PROBLEM REQUIREMENTS – Check each line of the records below and collect those that include the word "False".

RECORDED INFORMATION –
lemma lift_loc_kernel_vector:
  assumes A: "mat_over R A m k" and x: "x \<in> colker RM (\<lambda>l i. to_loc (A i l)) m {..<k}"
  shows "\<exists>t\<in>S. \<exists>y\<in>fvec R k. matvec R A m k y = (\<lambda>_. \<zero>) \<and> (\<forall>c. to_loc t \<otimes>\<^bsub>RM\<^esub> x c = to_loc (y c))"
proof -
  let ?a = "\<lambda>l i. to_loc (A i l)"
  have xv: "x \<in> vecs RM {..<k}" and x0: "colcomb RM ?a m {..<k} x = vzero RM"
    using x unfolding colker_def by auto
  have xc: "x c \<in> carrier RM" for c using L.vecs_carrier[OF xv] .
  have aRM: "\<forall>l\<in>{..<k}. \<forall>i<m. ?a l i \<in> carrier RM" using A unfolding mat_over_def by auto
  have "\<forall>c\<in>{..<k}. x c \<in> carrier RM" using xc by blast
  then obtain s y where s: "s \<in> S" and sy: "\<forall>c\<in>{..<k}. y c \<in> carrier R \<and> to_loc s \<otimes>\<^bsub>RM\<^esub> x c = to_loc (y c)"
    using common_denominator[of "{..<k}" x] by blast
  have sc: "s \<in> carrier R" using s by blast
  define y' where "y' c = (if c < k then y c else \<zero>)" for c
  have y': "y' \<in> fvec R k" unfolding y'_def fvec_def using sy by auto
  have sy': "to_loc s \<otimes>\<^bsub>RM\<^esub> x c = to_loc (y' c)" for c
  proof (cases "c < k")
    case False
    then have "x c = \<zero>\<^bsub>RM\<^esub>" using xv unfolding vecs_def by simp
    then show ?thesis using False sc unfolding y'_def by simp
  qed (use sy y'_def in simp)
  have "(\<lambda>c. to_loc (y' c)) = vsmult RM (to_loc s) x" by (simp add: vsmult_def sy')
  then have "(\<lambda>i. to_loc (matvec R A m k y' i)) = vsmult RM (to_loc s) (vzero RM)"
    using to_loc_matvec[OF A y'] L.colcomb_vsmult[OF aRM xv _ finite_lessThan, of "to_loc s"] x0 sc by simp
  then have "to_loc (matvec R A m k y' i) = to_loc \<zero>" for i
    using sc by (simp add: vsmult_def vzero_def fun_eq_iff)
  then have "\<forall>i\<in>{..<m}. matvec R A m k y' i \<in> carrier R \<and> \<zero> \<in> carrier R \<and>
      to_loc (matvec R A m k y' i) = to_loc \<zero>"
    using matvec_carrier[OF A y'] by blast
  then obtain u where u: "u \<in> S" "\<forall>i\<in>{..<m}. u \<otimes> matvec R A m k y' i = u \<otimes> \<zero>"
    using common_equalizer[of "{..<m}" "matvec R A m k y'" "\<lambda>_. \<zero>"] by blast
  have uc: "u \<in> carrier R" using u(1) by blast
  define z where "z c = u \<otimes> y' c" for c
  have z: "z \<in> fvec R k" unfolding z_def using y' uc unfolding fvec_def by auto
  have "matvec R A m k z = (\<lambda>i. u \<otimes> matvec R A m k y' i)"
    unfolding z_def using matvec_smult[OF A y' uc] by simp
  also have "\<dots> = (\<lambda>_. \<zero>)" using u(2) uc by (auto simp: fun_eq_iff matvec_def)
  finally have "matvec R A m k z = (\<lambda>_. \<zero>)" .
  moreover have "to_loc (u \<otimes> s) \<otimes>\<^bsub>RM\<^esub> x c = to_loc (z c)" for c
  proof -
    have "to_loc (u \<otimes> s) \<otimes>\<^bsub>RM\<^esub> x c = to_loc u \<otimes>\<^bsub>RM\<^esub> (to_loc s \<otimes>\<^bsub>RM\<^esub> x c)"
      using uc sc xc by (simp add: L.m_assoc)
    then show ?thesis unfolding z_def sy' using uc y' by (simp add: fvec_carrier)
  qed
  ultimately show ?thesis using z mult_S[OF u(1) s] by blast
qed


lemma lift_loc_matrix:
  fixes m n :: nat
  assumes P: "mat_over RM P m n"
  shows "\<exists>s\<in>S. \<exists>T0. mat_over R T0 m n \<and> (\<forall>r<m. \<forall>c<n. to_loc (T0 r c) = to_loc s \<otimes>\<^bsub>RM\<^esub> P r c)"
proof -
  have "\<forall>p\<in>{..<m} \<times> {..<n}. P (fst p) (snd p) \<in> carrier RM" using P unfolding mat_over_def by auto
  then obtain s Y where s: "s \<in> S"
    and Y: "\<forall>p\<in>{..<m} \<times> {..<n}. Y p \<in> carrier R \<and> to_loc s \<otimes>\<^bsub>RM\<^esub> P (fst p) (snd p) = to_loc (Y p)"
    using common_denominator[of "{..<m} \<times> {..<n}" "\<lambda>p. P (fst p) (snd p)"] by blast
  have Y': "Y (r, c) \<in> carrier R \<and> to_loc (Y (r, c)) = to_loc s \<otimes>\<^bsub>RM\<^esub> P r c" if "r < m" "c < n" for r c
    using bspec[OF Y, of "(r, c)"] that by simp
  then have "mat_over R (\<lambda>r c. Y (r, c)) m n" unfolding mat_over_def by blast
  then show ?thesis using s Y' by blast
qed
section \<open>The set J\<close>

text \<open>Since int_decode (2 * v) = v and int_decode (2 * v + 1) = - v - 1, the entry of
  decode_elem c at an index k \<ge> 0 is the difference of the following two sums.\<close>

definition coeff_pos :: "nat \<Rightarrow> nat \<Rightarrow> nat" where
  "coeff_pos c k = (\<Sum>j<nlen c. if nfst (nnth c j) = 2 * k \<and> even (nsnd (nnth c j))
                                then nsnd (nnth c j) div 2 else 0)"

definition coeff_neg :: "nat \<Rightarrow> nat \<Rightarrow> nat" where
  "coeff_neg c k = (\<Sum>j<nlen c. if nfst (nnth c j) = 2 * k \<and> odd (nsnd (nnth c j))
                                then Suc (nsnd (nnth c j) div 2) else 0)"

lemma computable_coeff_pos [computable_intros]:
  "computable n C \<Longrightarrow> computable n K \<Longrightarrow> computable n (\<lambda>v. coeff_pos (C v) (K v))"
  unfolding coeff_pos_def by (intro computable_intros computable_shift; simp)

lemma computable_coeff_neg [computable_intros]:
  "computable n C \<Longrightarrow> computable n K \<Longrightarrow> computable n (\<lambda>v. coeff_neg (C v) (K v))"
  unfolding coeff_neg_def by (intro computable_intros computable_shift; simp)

OUTPUT –
    case False
    then show ?thesis using False sc unfolding y'_def by simp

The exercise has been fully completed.